> [What is being asked]
When you reach the line containing "w \<Longrightarrow> lor (w" in the entries below, begin reproducing lines exactly, and stop once the line containing "v \<Longrightarrow> lorentz_isometry" is done.

> [Stored data]

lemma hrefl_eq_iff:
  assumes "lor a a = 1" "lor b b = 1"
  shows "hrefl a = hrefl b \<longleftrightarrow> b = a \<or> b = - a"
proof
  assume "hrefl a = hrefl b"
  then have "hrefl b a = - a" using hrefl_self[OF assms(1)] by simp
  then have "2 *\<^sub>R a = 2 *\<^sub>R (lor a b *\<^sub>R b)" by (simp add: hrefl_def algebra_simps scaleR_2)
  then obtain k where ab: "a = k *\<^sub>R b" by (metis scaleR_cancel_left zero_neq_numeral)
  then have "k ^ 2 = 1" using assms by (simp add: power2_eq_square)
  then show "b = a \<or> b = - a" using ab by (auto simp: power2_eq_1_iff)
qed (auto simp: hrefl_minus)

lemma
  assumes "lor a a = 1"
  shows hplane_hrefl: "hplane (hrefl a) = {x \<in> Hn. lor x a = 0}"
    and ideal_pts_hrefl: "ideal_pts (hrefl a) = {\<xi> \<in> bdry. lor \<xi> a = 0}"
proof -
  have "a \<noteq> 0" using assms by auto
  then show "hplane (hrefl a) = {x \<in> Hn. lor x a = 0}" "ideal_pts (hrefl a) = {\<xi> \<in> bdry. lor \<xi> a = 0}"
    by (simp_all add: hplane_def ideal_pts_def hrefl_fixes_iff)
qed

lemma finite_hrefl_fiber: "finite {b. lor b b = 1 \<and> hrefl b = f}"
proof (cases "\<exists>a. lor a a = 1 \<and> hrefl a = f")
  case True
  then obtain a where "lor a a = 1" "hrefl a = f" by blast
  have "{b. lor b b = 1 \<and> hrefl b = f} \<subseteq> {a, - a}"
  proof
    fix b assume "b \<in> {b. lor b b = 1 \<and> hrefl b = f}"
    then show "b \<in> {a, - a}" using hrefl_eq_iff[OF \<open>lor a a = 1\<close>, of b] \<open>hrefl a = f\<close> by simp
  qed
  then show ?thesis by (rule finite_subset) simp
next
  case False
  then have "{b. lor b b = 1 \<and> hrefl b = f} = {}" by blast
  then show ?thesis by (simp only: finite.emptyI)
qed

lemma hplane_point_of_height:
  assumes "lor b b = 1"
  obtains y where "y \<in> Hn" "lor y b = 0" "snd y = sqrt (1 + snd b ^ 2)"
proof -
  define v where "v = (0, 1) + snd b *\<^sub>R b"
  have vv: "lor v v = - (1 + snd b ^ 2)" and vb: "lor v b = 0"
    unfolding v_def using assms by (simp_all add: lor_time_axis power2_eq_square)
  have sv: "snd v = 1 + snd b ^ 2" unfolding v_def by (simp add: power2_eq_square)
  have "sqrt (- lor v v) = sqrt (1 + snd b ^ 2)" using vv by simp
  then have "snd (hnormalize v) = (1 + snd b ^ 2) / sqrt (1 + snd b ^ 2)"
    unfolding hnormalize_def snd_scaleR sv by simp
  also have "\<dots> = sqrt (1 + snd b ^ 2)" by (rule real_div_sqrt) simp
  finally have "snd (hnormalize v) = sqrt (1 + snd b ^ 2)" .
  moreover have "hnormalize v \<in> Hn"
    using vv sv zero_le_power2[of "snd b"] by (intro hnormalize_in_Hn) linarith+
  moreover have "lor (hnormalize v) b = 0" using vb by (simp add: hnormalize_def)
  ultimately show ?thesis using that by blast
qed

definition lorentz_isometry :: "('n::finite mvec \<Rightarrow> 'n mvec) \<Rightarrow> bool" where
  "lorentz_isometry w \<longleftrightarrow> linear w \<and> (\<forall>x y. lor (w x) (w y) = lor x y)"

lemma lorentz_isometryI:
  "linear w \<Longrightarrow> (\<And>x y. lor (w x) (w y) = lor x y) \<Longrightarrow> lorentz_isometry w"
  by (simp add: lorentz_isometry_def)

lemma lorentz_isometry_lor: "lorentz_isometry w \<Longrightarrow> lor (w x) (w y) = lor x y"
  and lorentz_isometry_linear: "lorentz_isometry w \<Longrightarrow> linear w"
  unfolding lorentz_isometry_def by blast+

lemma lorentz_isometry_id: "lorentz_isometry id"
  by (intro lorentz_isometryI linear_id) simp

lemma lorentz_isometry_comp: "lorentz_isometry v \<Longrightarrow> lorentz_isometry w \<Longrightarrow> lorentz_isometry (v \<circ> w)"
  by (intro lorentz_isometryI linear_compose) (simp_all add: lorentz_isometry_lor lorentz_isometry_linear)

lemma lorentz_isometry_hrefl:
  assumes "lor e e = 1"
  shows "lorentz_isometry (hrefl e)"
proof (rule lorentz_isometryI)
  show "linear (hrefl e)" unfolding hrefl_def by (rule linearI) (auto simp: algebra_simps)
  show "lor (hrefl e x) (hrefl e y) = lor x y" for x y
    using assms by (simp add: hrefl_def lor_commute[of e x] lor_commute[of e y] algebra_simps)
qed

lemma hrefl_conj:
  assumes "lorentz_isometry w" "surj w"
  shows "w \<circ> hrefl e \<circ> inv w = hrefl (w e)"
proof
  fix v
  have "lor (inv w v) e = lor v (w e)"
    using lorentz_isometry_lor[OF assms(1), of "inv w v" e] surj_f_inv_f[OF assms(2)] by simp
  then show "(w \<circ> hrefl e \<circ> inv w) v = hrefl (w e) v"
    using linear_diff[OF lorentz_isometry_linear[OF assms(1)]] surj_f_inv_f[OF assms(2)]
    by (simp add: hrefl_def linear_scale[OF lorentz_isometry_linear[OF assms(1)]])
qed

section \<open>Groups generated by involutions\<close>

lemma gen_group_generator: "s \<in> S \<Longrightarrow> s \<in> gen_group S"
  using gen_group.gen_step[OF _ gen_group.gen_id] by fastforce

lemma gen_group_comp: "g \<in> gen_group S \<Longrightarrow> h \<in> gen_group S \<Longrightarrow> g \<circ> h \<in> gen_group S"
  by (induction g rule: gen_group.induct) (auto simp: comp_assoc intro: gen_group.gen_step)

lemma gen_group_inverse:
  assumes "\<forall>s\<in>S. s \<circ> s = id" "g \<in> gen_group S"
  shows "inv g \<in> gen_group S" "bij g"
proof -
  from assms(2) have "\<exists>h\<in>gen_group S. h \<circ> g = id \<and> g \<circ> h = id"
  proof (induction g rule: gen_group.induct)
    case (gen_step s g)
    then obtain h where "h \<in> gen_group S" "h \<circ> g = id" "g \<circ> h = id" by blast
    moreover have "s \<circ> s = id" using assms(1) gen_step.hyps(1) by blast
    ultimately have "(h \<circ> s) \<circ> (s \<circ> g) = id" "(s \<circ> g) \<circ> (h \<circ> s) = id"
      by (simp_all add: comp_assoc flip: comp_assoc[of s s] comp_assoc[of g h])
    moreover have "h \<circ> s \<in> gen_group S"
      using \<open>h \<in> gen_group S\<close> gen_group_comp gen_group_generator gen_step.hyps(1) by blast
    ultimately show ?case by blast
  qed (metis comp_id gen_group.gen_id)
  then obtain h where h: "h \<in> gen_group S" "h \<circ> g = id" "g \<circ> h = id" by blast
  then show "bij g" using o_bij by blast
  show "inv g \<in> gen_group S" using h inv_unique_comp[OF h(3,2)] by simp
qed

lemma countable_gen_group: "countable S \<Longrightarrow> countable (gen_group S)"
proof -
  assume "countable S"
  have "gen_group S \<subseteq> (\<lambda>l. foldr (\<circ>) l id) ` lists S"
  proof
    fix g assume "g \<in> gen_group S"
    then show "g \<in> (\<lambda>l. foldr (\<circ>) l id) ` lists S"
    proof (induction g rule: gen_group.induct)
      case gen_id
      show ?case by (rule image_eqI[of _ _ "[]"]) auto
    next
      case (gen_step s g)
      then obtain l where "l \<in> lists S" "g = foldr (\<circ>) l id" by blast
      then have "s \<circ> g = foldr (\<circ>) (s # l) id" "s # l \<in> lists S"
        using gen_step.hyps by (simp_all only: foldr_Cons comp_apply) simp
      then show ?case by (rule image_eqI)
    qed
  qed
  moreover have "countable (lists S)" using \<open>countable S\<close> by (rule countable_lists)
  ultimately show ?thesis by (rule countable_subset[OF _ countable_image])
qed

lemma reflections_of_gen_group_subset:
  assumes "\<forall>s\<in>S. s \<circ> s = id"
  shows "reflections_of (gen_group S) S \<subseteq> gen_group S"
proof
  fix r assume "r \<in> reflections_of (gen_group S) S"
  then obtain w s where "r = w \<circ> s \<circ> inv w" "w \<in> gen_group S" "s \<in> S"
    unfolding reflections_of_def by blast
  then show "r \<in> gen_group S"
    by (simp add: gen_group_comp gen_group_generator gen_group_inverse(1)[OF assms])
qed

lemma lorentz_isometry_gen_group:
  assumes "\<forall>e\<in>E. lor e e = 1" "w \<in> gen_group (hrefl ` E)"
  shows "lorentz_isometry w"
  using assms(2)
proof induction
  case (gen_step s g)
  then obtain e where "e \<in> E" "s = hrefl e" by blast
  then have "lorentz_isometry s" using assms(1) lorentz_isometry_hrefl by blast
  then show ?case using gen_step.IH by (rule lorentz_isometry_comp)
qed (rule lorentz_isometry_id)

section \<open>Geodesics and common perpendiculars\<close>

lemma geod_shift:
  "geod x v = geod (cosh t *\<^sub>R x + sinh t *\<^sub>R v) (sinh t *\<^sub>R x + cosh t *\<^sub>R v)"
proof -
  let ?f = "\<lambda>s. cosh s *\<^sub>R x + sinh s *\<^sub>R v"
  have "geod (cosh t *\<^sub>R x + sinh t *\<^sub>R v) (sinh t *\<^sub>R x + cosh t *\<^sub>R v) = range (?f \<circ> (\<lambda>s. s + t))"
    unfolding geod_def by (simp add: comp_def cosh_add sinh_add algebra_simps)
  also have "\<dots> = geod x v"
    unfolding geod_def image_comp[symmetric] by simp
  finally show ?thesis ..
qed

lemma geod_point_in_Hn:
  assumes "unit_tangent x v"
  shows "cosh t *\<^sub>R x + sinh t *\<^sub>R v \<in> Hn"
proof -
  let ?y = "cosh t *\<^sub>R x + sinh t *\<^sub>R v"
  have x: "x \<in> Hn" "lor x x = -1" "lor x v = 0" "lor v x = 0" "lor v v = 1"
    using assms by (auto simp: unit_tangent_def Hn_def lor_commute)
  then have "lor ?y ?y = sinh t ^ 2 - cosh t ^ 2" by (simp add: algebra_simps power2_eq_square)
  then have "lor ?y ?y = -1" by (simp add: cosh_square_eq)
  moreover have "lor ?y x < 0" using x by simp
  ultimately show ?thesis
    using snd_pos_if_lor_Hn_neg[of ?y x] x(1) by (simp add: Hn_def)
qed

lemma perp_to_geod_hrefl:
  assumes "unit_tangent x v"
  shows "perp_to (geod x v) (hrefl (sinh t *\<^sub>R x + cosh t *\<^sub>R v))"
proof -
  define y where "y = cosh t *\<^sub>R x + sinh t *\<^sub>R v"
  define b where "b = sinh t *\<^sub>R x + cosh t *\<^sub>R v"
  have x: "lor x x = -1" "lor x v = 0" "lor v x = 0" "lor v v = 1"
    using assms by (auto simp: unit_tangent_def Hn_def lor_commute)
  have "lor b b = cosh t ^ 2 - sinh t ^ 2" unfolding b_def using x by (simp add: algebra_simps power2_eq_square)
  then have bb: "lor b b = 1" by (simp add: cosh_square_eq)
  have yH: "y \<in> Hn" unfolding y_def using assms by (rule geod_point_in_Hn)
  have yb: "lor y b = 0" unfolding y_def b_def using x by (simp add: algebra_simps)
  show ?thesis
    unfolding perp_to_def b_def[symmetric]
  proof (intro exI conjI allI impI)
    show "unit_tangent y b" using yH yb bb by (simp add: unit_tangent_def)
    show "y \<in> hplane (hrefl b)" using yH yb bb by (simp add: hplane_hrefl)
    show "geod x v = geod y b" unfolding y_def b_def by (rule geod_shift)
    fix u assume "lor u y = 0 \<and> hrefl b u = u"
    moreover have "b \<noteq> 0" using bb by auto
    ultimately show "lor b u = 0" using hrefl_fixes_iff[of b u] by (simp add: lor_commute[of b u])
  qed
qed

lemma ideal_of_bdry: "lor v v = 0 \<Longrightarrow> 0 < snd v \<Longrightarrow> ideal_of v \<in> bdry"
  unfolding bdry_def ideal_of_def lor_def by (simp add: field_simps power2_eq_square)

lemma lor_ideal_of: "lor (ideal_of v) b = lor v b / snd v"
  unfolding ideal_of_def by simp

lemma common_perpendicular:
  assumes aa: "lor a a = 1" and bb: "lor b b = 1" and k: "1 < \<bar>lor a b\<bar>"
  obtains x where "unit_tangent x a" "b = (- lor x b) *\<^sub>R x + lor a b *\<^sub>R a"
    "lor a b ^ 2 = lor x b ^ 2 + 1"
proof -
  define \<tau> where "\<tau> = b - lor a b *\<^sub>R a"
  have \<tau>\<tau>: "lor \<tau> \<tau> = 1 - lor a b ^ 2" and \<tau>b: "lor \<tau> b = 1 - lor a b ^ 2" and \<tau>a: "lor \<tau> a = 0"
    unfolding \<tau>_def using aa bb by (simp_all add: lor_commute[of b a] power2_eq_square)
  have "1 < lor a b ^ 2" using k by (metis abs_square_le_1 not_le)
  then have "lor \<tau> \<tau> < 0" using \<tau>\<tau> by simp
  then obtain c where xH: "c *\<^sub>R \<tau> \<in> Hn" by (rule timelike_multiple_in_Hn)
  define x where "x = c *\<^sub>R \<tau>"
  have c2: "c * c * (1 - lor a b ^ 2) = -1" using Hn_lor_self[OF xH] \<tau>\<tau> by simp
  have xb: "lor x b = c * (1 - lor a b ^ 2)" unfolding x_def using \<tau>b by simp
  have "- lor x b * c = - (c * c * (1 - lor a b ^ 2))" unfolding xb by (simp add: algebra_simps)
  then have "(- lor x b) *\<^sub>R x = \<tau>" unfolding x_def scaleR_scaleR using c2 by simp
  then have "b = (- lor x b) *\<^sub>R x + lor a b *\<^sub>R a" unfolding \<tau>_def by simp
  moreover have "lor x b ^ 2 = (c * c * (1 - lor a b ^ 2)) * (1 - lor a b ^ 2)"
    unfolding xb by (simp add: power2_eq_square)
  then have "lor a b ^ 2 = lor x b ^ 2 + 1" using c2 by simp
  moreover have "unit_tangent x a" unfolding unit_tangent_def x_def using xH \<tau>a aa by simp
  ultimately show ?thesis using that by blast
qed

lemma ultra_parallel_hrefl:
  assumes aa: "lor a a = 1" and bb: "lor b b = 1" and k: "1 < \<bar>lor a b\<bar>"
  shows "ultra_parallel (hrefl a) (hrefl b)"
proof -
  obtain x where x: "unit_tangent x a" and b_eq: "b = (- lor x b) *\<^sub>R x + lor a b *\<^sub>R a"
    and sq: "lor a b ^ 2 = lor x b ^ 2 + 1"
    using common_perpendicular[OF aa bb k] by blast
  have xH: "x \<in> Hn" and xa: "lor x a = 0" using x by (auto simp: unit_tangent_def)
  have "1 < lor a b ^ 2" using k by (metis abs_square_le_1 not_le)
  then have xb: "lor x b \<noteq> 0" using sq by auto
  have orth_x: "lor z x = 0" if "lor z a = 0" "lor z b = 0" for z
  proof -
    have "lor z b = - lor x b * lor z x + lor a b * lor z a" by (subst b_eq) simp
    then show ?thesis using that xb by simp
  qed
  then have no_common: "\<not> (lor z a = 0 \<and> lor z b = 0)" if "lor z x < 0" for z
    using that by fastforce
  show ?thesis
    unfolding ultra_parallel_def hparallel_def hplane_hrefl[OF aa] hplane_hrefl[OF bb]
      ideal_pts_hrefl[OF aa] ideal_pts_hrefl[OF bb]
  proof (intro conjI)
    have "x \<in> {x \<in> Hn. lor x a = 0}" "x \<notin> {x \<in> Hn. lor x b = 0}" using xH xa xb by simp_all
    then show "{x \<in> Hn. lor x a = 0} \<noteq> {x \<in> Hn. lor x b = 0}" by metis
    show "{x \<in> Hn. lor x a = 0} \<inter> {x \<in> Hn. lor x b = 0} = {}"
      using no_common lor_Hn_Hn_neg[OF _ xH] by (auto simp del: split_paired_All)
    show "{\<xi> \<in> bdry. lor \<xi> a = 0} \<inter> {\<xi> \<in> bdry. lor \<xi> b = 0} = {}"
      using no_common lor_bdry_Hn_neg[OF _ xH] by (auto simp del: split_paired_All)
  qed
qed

> [Written response]
lemma lorentz_isometry_lor: "lorentz_isometry w \<Longrightarrow> lor (w x) (w y) = lor x y"
  and lorentz_isometry_linear: "lorentz_isometry w \<Longrightarrow> linear w"
  unfolding lorentz_isometry_def by blast+

lemma lorentz_isometry_id: "lorentz_isometry id"
  by (intro lorentz_isometryI linear_id) simp

lemma lorentz_isometry_comp: "lorentz_isometry v \<Longrightarrow> lorentz_isometry w \<Longrightarrow> lorentz_isometry (v \<circ> w)"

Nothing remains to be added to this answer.